I spiraled down. The black walls were getting too high to see over, and I can’t climb out of this hole. I can’t save myself. In the stories, it says when you’re at your lowest point you can find your happiest future. That didn’t happen. No white knight on a warrior horse, no happily ever after. The darkness surrounded me and there was no way out. Not even my dreams could help me escape hell.

Then I saw it. The point of all the evil, all the horror. The end. Death. Why would there be evil people like the man who killed my sister and so many others if it weren’t a relief to see them die? Why would there be life if it weren’t a blessing to have it end? My life must be one of the ones where everything is twisted and wrong, so when I die I can finally feel real bliss. So when I die, there’s no one to miss me.

And who would? The mother who has abandoned me? The father who hates me? The school that swallowed me and has yet to spit me back out, destroyed? Who alive will mourn the name Eve Wells when she no longer breathes? Who will stand in a cemetery for an hour to watch me be buried, sent to a better beyond? Who will remember me?

It doesn’t matter if I give up. It doesn’t matter if I turn evil, lose sight of my morals and ruin my life. It doesn’t matter if I end myself and everyone around me with a horrible finish. It doesn’t matter…but so why do I care?

This is the part where it doesn’t make sense. If no one cares about me, why should I? Why do I care so much about my life if I’m the only one? Why? Then I realize it must be Stacy. She is still looking after me even though she’s dead. I can almost hear that song she used to sing in the wind.

The sun is shining through the dark, no matter who you are.

You’re standing at the edge, but just like I said,

You won’t fall-al-al…

With her voice echoing in my ears, I run. I run with a bag full of clothes and money. I don’t stop running until I reach the bus. It takes me out of town, out of hell. I’m eighteen today, and I’m standing taller. My soul is still black, but I can fix that when I get wherever it is I’m going.

The stars are light up the night, don’t tell me you can’t see that light.

The end is coming, but let it keep on because we,

Are standing tall-al-al…

I feel like I’m bigger. Like I am stronger, because I didn’t die. I’m right here, right now. I’m alive and I’m going to be what I want to be. I smooth a hand over the notebook on my lap. This is everything I have ever written in my life, this is my future.
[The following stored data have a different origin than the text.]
lemma weighted_cost_ctrl_append_Suc_diff:
  assumes "a \<le> n"
  shows "weighted_cost f g (Suc n) x (ctrl_append a u w) - weighted_cost f g n x u
       = (\<Sum>j<a. g (traj f x u j) (u j)) + weighted_cost f g (Suc n - a) (traj f x u a) w
         - weighted_cost f g (n - a) (traj f x u a) (\<lambda>d. u (a + d))"
proof -
  define G where "G j = g (traj f x u j) (u j)" for j
  have "(\<Sum>j<a. real (Suc n - j) * G j) = (\<Sum>j<a. real (n - j) * G j + G j)"
    using assms by (intro sum.cong) (auto simp: Suc_diff_le algebra_simps)
  then show ?thesis
    using weighted_cost_ctrl_append[of a "Suc n" f g x u w] weighted_cost_split[OF assms, of f g x u] assms
    by (simp add: G_def sum.distrib)
qed

section \<open>Optimal feedbacks and average closed-loop cost\<close>

lemma mpc_feedback_optimal:
  assumes mpc: "mpc_feedback f X U l N \<mu>" and x: "x \<in> X" "adm f X U N x \<noteq> {}"
  obtains u where "u \<in> adm f X U N x" "\<mu> x = u 0" "Vbeta f X U l N x = ereal (Jbeta f l N x u)"
    "\<And>v. v \<in> adm f X U N x \<Longrightarrow> Jbeta f l N x u \<le> Jbeta f l N x v"
proof -
  obtain u where u: "u \<in> adm f X U N x" "ereal (Jbeta f l N x u) = Vbeta f X U l N x" "\<mu> x = u 0"
    using mpc x unfolding mpc_feedback_def by blast
  have "Jbeta f l N x u \<le> Jbeta f l N x v" if "v \<in> adm f X U N x" for v
  proof -
    have "ereal (Jbeta f l N x u) \<le> ereal (Jbeta f l N x v)"
      using INF_lower[OF that, of "\<lambda>v. ereal (Jbeta f l N x v)"] u(2) unfolding Vbeta_def by simp
    then show ?thesis by simp
  qed
  with u that show ?thesis by simp
qed

lemma Xpi_optimal:
  assumes mpc: "mpc_feedback f X U l N \<mu>" and x: "x \<in> Xpi f X U l lam lbar C N0" and N: "N0 \<le> N"
  obtains u where "x \<in> X" "u \<in> adm f X U N x"
    "Jbeta f l N x u - (real N + 1) / 2 * ell_star f X U l + (lam x + lbar) \<le> C"
proof -
  have xX: "x \<in> X"
    and V: "Vbeta f X U l N x - ereal ((real N + 1) / 2 * ell_star f X U l) + ereal (lam x + lbar) \<le> ereal C"
    using x N by (auto simp: Xpi_def)
  have "adm f X U N x \<noteq> {}"
  proof
    assume "adm f X U N x = {}"
    then have "Vbeta f X U l N x = \<infinity>" by (simp add: Vbeta_def top_ereal_def)
    then show False using V by simp
  qed
  then obtain u where "u \<in> adm f X U N x" "Vbeta f X U l N x = ereal (Jbeta f l N x u)"
    using mpc_feedback_optimal[OF mpc xX] by metis
  with V xX that show ?thesis by simp
qed

lemma limsup_average_le:
  fixes a :: "nat \<Rightarrow> real"
  assumes "\<And>T. a T \<le> real T * c + K"
  shows "limsup (\<lambda>T. ereal (a T / real T)) \<le> ereal c"
proof -
  have "eventually (\<lambda>T. ereal (a T / real T) \<le> ereal (c + K / real T)) sequentially"
    using eventually_gt_at_top[of "0::nat"]
  proof eventually_elim
    case (elim T)
    have "a T / real T \<le> (real T * c + K) / real T"
      using assms[of T] elim by (intro divide_right_mono) auto
    also have "\<dots> = c + K / real T" using elim by (simp add: field_simps)
    finally show ?case by simp
  qed
  then have "limsup (\<lambda>T. ereal (a T / real T)) \<le> limsup (\<lambda>T. ereal (c + K / real T))"
    by (rule Limsup_mono)
  also have "\<dots> = ereal c"
  proof (rule lim_imp_Limsup)
    have "(\<lambda>T. c + K / real T) \<longlonglongrightarrow> c + 0"
      by (intro tendsto_add tendsto_const lim_const_over_n)
    then show "(\<lambda>T. ereal (c + K / real T)) \<longlonglongrightarrow> ereal c" by (intro tendsto_ereal) simp
  qed simp
  finally show ?thesis .
qed

lemma Jav_le_of_dissipation:
  fixes V :: "'a \<Rightarrow> real"
  assumes decrease: "\<And>t. V (cltraj f \<mu> x (Suc t))
      \<le> V (cltraj f \<mu> x t) - l (cltraj f \<mu> x t) (\<mu> (cltraj f \<mu> x t)) + c"
    and lower: "\<And>t. Vmin \<le> V (cltraj f \<mu> x t)" and upper: "\<And>t. V (cltraj f \<mu> x t) \<le> Vmax"
  shows "Jav f l x \<mu> \<le> ereal c"
proof -
  have telescope: "JT f l T x \<mu> \<le> V x - V (cltraj f \<mu> x T) + real T * c" for T
  proof (induction T)
    case (Suc T)
    then show ?case using decrease[of T] by (simp add: JT_def algebra_simps)
  qed (simp add: JT_def)
  have "JT f l T x \<mu> \<le> real T * c + (Vmax - Vmin)" for T
    using telescope[of T] upper[of 0] lower[of T] by simp
  then show ?thesis unfolding Jav_def by (rule limsup_average_le)
qed

section \<open>Choice of the window length\<close>

text \<open>\<open>Cb / h\<close> pays for the rotated cost before the window and \<open>(2 h + 1) K / N\<close>
  for a bridge of cost \<open>K\<close> after it.\<close>
definition step_loss :: "real \<Rightarrow> real \<Rightarrow> nat \<Rightarrow> nat \<Rightarrow> real" where
  "step_loss Cb K N h = Cb / real h + real (2 * h + 1) * K / real N"

lemma class_L_inverse_sqrt: "0 \<le> A \<Longrightarrow> class_L (\<lambda>t. A / sqrt (t + 1))"
  unfolding class_L_def
proof (intro conjI allI impI)
  show "continuous_on {0..} (\<lambda>t. A / sqrt (t + 1))"
    by (intro continuous_intros) auto
  show "((\<lambda>t. A / sqrt (t + 1)) \<longlongrightarrow> 0) at_top"
    by real_asymp
qed (auto intro!: divide_left_mono mult_pos_pos)

lemma step_loss_le_inverse_sqrt:
  fixes a Cb K :: real
  assumes a: "0 < a" and Cb: "0 < Cb" and K: "0 \<le> K"
    and N: "2 * sqrt (Cb / a) + 2 \<le> sqrt (real N)"
  defines "h \<equiv> nat \<lceil>sqrt (Cb / a) * sqrt (real N)\<rceil>"
  shows "1 \<le> h" "2 * h < N" "real N * Cb \<le> real h * real h * a"
    "step_loss Cb K N h \<le> (Cb / sqrt (Cb / a) + 2 * sqrt (Cb / a) * K + 3 * K) / sqrt (real N)"
proof -
  define c where "c = sqrt (Cb / a)"
  define x where "x = sqrt (real N)"
  have c: "0 < c" "c * c = Cb / a" using a Cb by (simp_all add: c_def)
  have x: "2 * c + 2 \<le> x" "x * x = real N" using N by (simp_all add: c_def x_def)
  have cx: "0 < c * x" using c x by simp
  have h: "c * x \<le> real h" "real h < c * x + 1"
    using cx unfolding h_def c_def x_def by linarith+
  show "1 \<le> h" using h cx by linarith
  have "real (2 * h) < 2 * c * x + 2" using h by simp
  also have "\<dots> < (2 * c + 2) * x" using x c by (simp add: algebra_simps)
  also have "\<dots> \<le> x * x" using x c by (intro mult_right_mono) auto
  finally show "2 * h < N" using x by simp
  have "real N * Cb = (c * x) * (c * x) * a" using c x a by (simp add: field_simps)
  also have "\<dots> \<le> real h * real h * a" using h cx a by (intro mult_mono mult_right_mono) auto
  finally show "real N * Cb \<le> real h * real h * a" .
  have "Cb / real h \<le> Cb / c / x" using h cx Cb by (simp add: frac_le)
  moreover have "real (2 * h + 1) * K / real N \<le> (2 * c * K + 3 * K) / x"
  proof -
    have "real (2 * h + 1) * K \<le> (2 * c * x + 3) * K" using h K by (intro mult_right_mono) auto
    also have "\<dots> \<le> (2 * c * K + 3 * K) * x"
      using mult_left_mono[of 1 x K] x c K by (simp add: algebra_simps)
    finally have "real (2 * h + 1) * K / real N \<le> (2 * c * K + 3 * K) * x / real N"
      by (intro divide_right_mono) auto
    also have "\<dots> = (2 * c * K + 3 * K) / x"
      using x c by (simp flip: x(2))
    finally show ?thesis .
  qed
  ultimately show "step_loss Cb K N h \<le> (Cb / c + 2 * c * K + 3 * K) / sqrt (real N)"
    unfolding step_loss_def x_def[symmetric] by (simp add: add_divide_distrib)
qed

lemma horizon_choice:
  fixes a Cb K :: real
  assumes a: "0 < a" and Cb: "0 < Cb" and K: "0 \<le> K"
  obtains \<delta> N0 where "class_L \<delta>"
    "\<And>N. N0 \<le> N \<Longrightarrow> \<exists>h. 1 \<le> h \<and> 2 * h < N \<and> real N * Cb \<le> real h * real h * a
        \<and> step_loss Cb K N h \<le> a \<and> step_loss Cb K N h \<le> \<delta> (real N)"
proof
  define c where "c = sqrt (Cb / a)"
  define A where "A = Cb / c + 2 * c * K + 3 * K"
  have A: "0 \<le> A" using a Cb K by (simp add: A_def c_def)
  show "class_L (\<lambda>t. 2 * A / sqrt (t + 1))"
    using A by (intro class_L_inverse_sqrt) simp
  fix N assume "nat \<lceil>(2 * c + 2 + A / a)\<^sup>2\<rceil> \<le> N"
  then have "(2 * c + 2 + A / a)\<^sup>2 \<le> real N"
    using real_nat_ceiling_ge order_trans of_nat_mono by blast
  then have x: "2 * c + 2 + A / a \<le> sqrt (real N)" by (rule real_le_rsqrt)
  have c: "0 < c" using a Cb by (simp add: c_def)
  moreover have "0 \<le> A / a" using A a by simp
  ultimately have "2 * c + 2 \<le> sqrt (real N)" using x by linarith
  define h where "h = nat \<lceil>c * sqrt (real N)\<rceil>"
  have h: "1 \<le> h" "2 * h < N" "real N * Cb \<le> real h * real h * a"
    "step_loss Cb K N h \<le> A / sqrt (real N)"
    using step_loss_le_inverse_sqrt[OF a Cb K] \<open>2 * c + 2 \<le> sqrt (real N)\<close>
    unfolding h_def A_def c_def by auto
  have N: "1 \<le> real N" using h(2) by simp
  have "A / a \<le> sqrt (real N)" using x c by linarith
  then have "A \<le> a * sqrt (real N)" using a by (simp add: pos_divide_le_eq mult.commute)
  then have "A / sqrt (real N) \<le> a" using N by (simp add: pos_divide_le_eq mult.commute)
  moreover have "A / sqrt (real N) \<le> 2 * A / sqrt (real N + 1)"
  proof -
    have "sqrt (real N + 1) \<le> sqrt (4 * real N)" using N by simp
    also have "\<dots> = 2 * sqrt (real N)" by (simp add: real_sqrt_mult)
    finally show ?thesis using A N by (simp add: field_simps mult_left_mono)
  qed
  ultimately show "\<exists>h. 1 \<le> h \<and> 2 * h < N \<and> real N * Cb \<le> real h * real h * a
        \<and> step_loss Cb K N h \<le> a \<and> step_loss Cb K N h \<le> 2 * A / sqrt (real N + 1)"
    using h by (intro exI[of _ h]) auto
qed

section \<open>Strict dissipativity with respect to an optimal periodic orbit\<close>

locale periodic_dissipative_ocp =
  fixes f :: "'a::real_normed_vector \<Rightarrow> 'b::real_normed_vector \<Rightarrow> 'a"
    and X :: "'a set" and U :: "'b set" and l :: "'a \<Rightarrow> 'b \<Rightarrow> real"
    and P :: "nat \<Rightarrow> 'a \<times> 'b" and p :: nat and ls :: real
    and lam :: "'a \<Rightarrow> real" and lbar :: real and \<alpha> :: "real \<Rightarrow> real"
    and \<kappa> :: real and M :: nat and lmax :: real
  assumes orbit: "feasible_orbit f X U P p" and orbit_average: "orbit_avg l P p = ls"
    and lam_bound: "\<And>x. x \<in> X \<Longrightarrow> \<bar>lam x\<bar> \<le> lbar"
    and \<alpha>_class_Kinf: "class_Kinf \<alpha>"
    and dissipation: "\<And>x u. x \<in> X \<Longrightarrow> u \<in> U \<Longrightarrow> f x u \<in> X \<Longrightarrow>
      \<alpha> (orbit_dist P p (x, u)) \<le> l x u - ls + lam x - lam (f x u)"
    and \<kappa>_pos: "0 < \<kappa>"
    and reach_orbit: "\<And>k x. k < p \<Longrightarrow> x \<in> X \<Longrightarrow> norm (x - fst (P k)) \<le> \<kappa> \<Longrightarrow>
      \<exists>u\<in>adm f X U M x. traj f x u M = fst (P k)"
    and l_le_lmax: "\<And>x u. x \<in> X \<Longrightarrow> u \<in> U \<Longrightarrow> l x u \<le> lmax"
begin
Writing is my future.

Dream about the future, forget about the past.

Be alive and free and trust that it will last.



Right here, right now, we belong.

Right here, right now, tell the haters they were wrong!

I haven’t faded away. I’m not solid anymore, but I will be one day. Right here, right now, I’m following my dreams. And I hold the locket with Stacy’s picture. My guardian angel.

Don’t fade from me, there’s a part you just can’t see.

The part that bleeds for you, knows what you’ve been through.

“I always remember you,” I whisper to my angel as the bus pulls out of town. I look out the window at the passing scenery that I’ve never seen before. It will be hard, but I can be stronger than the past I’ve just left behind. I sing the last part of her song under my breath.

“Right here, right now you’re powerful.

Right here, right now you’re wonderful.

You are the light that’s standing tall,

Watch those dark walls fall.

You and me, we,

We are invincible. Invincible…”


The author's comments:
This is not a true story and the song is an original I made up on the spot.